(* Let $\lambda$ be a CW-labeling of a finite graded poset $P$ with $\hat0$. Then the posets $R_\lambda(P)$ and $Q_\lambda(P)$ are isomorphic.
   Context: C-labelings: a maximal chain is an unrefinable chain from $\hat0$ to a maximal element. A C-labeling assigns to each pair $(\mathbf m,e)$, $\mathbf m$ a maximal chain and $e$ a cover relation of $\mathbf m$, a label in a poset $\Lambda$, such that maximal chains coinciding along their bottom $d$ cover relations have equal labels there (so $\lambda(\mathbf c,x\lessdot y)$ is defined for saturated chains $\mathbf c$ from $\hat0$ containing $x\lessdot y$, or ending at $x$ and extended by $y$). A rooted interval $[x,y]_{\mathbf r}$ is an interval with a saturated chain $\mathbf r$ from $\hat0$ to $x$, a maximal chain $\mathbf c$ of $[x,y]$ being labeled as in $\mathbf r\cup\mathbf c$. Increasing = strictly increasing label word; ascent-free = no consecutive labels $a<b$. CR-labeling: each rooted interval has exactly one increasing maximal chain. Rank two switching property: for every maximal chain $\mathbf m:\hat0=m_0\lessdot\cdots\lessdot m_k$ and $i<k$ with an ascent at rank $i$ there is a unique $m_i'\ne m_i$ such that replacing $m_i$ by $m_i'$ gives a maximal chain with the same labels except that those at ranks $i,i+1$ are swapped, and $m_i'$ is the same for all maximal chains agreeing with $\mathbf m$ in $m_0,\dots,m_{i+1}$ (quadratic exchange $U_i$; identity when there is no ascent; also defined on saturated chains from $\hat0$). CW-labeling: CR-labeling with the rank two switching property such that in each rooted interval distinct ascent-free maximal chains have distinct label words. $Q_\lambda(P)$: $C(P)$ is the set of saturated chains from $\hat0$ ordered by inclusion; $\mathbf c_1\sim_\lambda\mathbf c_2$ iff they have the same top element $y$ and are connected by quadratic exchanges (forwards or backwards) among maximal chains of $[\hat0,y]$. $Q_\lambda(P)$ is the set of classes ordered by the transitive closure of: $X\le Y$ if some $\mathbf c\in X$, $\mathbf d\in Y$ have $\mathbf c\subseteq\mathbf d$. $\mathrm{sort}$: for a word $w$ over $\Lambda$, repeatedly replace an adjacent factor $w_iw_{i+1}$ with $w_i<w_{i+1}$ by $w_{i+1}w_i$; this yields a unique ascent-free word $\mathrm{sort}(w)$. $R_\lambda(P)$ is the poset whose elements are pairs $(x,w)$ with $x\in P$ and $w$ the word of labels of an ascent-free saturated chain $\mathbf c$ from $\hat0$ to $x$ (such $\mathbf c$ is determined by $w$), with cover relations $(x,w)\lessdot(y,u)$ whenever $x\lessdot y$ and $u=\mathrm{sort}(w\,\lambda(\mathbf c,x\lessdot y))$, where $\mathbf c$ is the chain determined by $w$ and juxtaposition denotes concatenation; the order is the reflexive-transitive closure of these covers. *)

theory Defs
  imports Main
begin

text \<open>The poset is a carrier set P inside a type with a partial order. Chains are
lists of elements, listed from bottom to top.\<close>

definition cov :: "'a::order set \<Rightarrow> 'a \<Rightarrow> 'a \<Rightarrow> bool" where
  "cov P x y \<longleftrightarrow> x \<in> P \<and> y \<in> P \<and> x < y \<and> \<not> (\<exists>w\<in>P. x < w \<and> w < y)"

definition cover_chain :: "'a::order set \<Rightarrow> 'a list \<Rightarrow> bool" where
  "cover_chain P c \<longleftrightarrow> c \<noteq> [] \<and> set c \<subseteq> P \<and>
     (\<forall>i. Suc i < length c \<longrightarrow> cov P (c ! i) (c ! Suc i))"

definition sat_chain :: "'a::order set \<Rightarrow> 'a \<Rightarrow> 'a list \<Rightarrow> bool" where
  "sat_chain P z c \<longleftrightarrow> cover_chain P c \<and> hd c = z"

definition max_chain :: "'a::order set \<Rightarrow> 'a \<Rightarrow> 'a list \<Rightarrow> bool" where
  "max_chain P z c \<longleftrightarrow> sat_chain P z c \<and> (\<forall>w\<in>P. \<not> last c < w)"

definition interval_chain :: "'a::order set \<Rightarrow> 'a \<Rightarrow> 'a \<Rightarrow> 'a list \<Rightarrow> bool" where
  "interval_chain P x y c \<longleftrightarrow> cover_chain P c \<and> hd c = x \<and> last c = y"

definition fin_graded_bot :: "'a::order set \<Rightarrow> 'a \<Rightarrow> bool" where
  "fin_graded_bot P z \<longleftrightarrow> finite P \<and> z \<in> P \<and> (\<forall>x\<in>P. z \<le> x) \<and>
     (\<forall>m m'. max_chain P z m \<longrightarrow> max_chain P z m' \<longrightarrow> length m = length m')"

text \<open>A labeling assigns to a maximal chain m and the index i of its cover relation
  m!i \<lessdot> m!(i+1) a label lab m i in the poset of labels (a type of class order).\<close>

definition C_labeling :: "'a::order set \<Rightarrow> 'a \<Rightarrow> ('a list \<Rightarrow> nat \<Rightarrow> 'l::order) \<Rightarrow> bool" where
  "C_labeling P z lab \<longleftrightarrow> (\<forall>m m' d. max_chain P z m \<longrightarrow> max_chain P z m' \<longrightarrow>
     take (Suc d) m = take (Suc d) m' \<longrightarrow> (\<forall>i<d. lab m i = lab m' i))"

definition ext_chain :: "'a::order set \<Rightarrow> 'a \<Rightarrow> 'a list \<Rightarrow> 'a list" where
  "ext_chain P z c = (SOME m. max_chain P z m \<and> take (length c) m = c)"

definition word :: "'a::order set \<Rightarrow> 'a \<Rightarrow> ('a list \<Rightarrow> nat \<Rightarrow> 'l::order) \<Rightarrow> 'a list \<Rightarrow> 'l list" where
  "word P z lab c = map (lab (ext_chain P z c)) [0..<length c - 1]"

definition ext_label :: "'a::order set \<Rightarrow> 'a \<Rightarrow> ('a list \<Rightarrow> nat \<Rightarrow> 'l::order) \<Rightarrow> 'a list \<Rightarrow> 'a \<Rightarrow> 'l" where
  "ext_label P z lab c y = lab (ext_chain P z (c @ [y])) (length c - 1)"

text \<open>label word of a maximal chain c of the rooted interval [last r, y]_r\<close>
definition rword :: "'a::order set \<Rightarrow> 'a \<Rightarrow> ('a list \<Rightarrow> nat \<Rightarrow> 'l::order) \<Rightarrow> 'a list \<Rightarrow> 'a list \<Rightarrow> 'l list" where
  "rword P z lab r c = drop (length r - 1) (word P z lab (r @ tl c))"

definition increasing :: "'l::order list \<Rightarrow> bool" where
  "increasing w \<longleftrightarrow> sorted_wrt (<) w"

definition ascent_free :: "'l::order list \<Rightarrow> bool" where
  "ascent_free w \<longleftrightarrow> (\<forall>i. Suc i < length w \<longrightarrow> \<not> w ! i < w ! Suc i)"

definition CR_labeling :: "'a::order set \<Rightarrow> 'a \<Rightarrow> ('a list \<Rightarrow> nat \<Rightarrow> 'l::order) \<Rightarrow> bool" where
  "CR_labeling P z lab \<longleftrightarrow> C_labeling P z lab \<and>
     (\<forall>r y. sat_chain P z r \<longrightarrow> y \<in> P \<longrightarrow> last r \<le> y \<longrightarrow>
        (\<exists>!c. interval_chain P (last r) y c \<and> increasing (rword P z lab r c)))"

definition ascent_at :: "('a list \<Rightarrow> nat \<Rightarrow> 'l::order) \<Rightarrow> 'a list \<Rightarrow> nat \<Rightarrow> bool" where
  "ascent_at lab m i \<longleftrightarrow> 1 \<le> i \<and> Suc i < length m \<and> lab m (i - 1) < lab m i"

definition switch_ok :: "'a::order set \<Rightarrow> 'a \<Rightarrow> ('a list \<Rightarrow> nat \<Rightarrow> 'l::order) \<Rightarrow> 'a list \<Rightarrow> nat \<Rightarrow> 'a \<Rightarrow> bool" where
  "switch_ok P z lab m i x \<longleftrightarrow> x \<noteq> m ! i \<and> max_chain P z (m[i := x]) \<and>
     lab (m[i := x]) (i - 1) = lab m i \<and> lab (m[i := x]) i = lab m (i - 1) \<and>
     (\<forall>j. Suc j < length m \<longrightarrow> j \<noteq> i - 1 \<longrightarrow> j \<noteq> i \<longrightarrow> lab (m[i := x]) j = lab m j)"

definition rank_two_switching :: "'a::order set \<Rightarrow> 'a \<Rightarrow> ('a list \<Rightarrow> nat \<Rightarrow> 'l::order) \<Rightarrow> bool" where
  "rank_two_switching P z lab \<longleftrightarrow>
     (\<forall>m i. max_chain P z m \<longrightarrow> ascent_at lab m i \<longrightarrow>
        (\<exists>!x. switch_ok P z lab m i x) \<and>
        (\<forall>n. max_chain P z n \<longrightarrow> take (i + 2) n = take (i + 2) m \<longrightarrow>
            (THE x. switch_ok P z lab n i x) = (THE x. switch_ok P z lab m i x)))"

definition CW_labeling :: "'a::order set \<Rightarrow> 'a \<Rightarrow> ('a list \<Rightarrow> nat \<Rightarrow> 'l::order) \<Rightarrow> bool" where
  "CW_labeling P z lab \<longleftrightarrow> CR_labeling P z lab \<and> rank_two_switching P z lab \<and>
     (\<forall>r y c c'. sat_chain P z r \<longrightarrow> y \<in> P \<longrightarrow> last r \<le> y \<longrightarrow>
        interval_chain P (last r) y c \<longrightarrow> interval_chain P (last r) y c' \<longrightarrow>
        ascent_free (rword P z lab r c) \<longrightarrow> ascent_free (rword P z lab r c') \<longrightarrow>
        c \<noteq> c' \<longrightarrow> rword P z lab r c \<noteq> rword P z lab r c')"

definition quad_ex :: "'a::order set \<Rightarrow> 'a \<Rightarrow> ('a list \<Rightarrow> nat \<Rightarrow> 'l::order) \<Rightarrow> nat \<Rightarrow> 'a list \<Rightarrow> 'a list" where
  "quad_ex P z lab i c = (let m = ext_chain P z c in
     if Suc i < length c \<and> ascent_at lab m i
     then c[i := (THE x. switch_ok P z lab m i x)] else c)"

definition quad_step :: "'a::order set \<Rightarrow> 'a \<Rightarrow> ('a list \<Rightarrow> nat \<Rightarrow> 'l::order) \<Rightarrow> 'a list \<Rightarrow> 'a list \<Rightarrow> bool" where
  "quad_step P z lab c d \<longleftrightarrow> sat_chain P z c \<and> sat_chain P z d \<and> last c = last d \<and>
     ((\<exists>i. Suc i < length c \<and> d = quad_ex P z lab i c) \<or>
      (\<exists>i. Suc i < length d \<and> c = quad_ex P z lab i d))"

definition qsim :: "'a::order set \<Rightarrow> 'a \<Rightarrow> ('a list \<Rightarrow> nat \<Rightarrow> 'l::order) \<Rightarrow> 'a list \<Rightarrow> 'a list \<Rightarrow> bool" where
  "qsim P z lab c d \<longleftrightarrow> sat_chain P z c \<and> sat_chain P z d \<and> last c = last d \<and>
     (quad_step P z lab)\<^sup>*\<^sup>* c d"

····················

To do: Line count for "close": say how many lines of the entries above include that word, and give only the number.

Output for this task: 3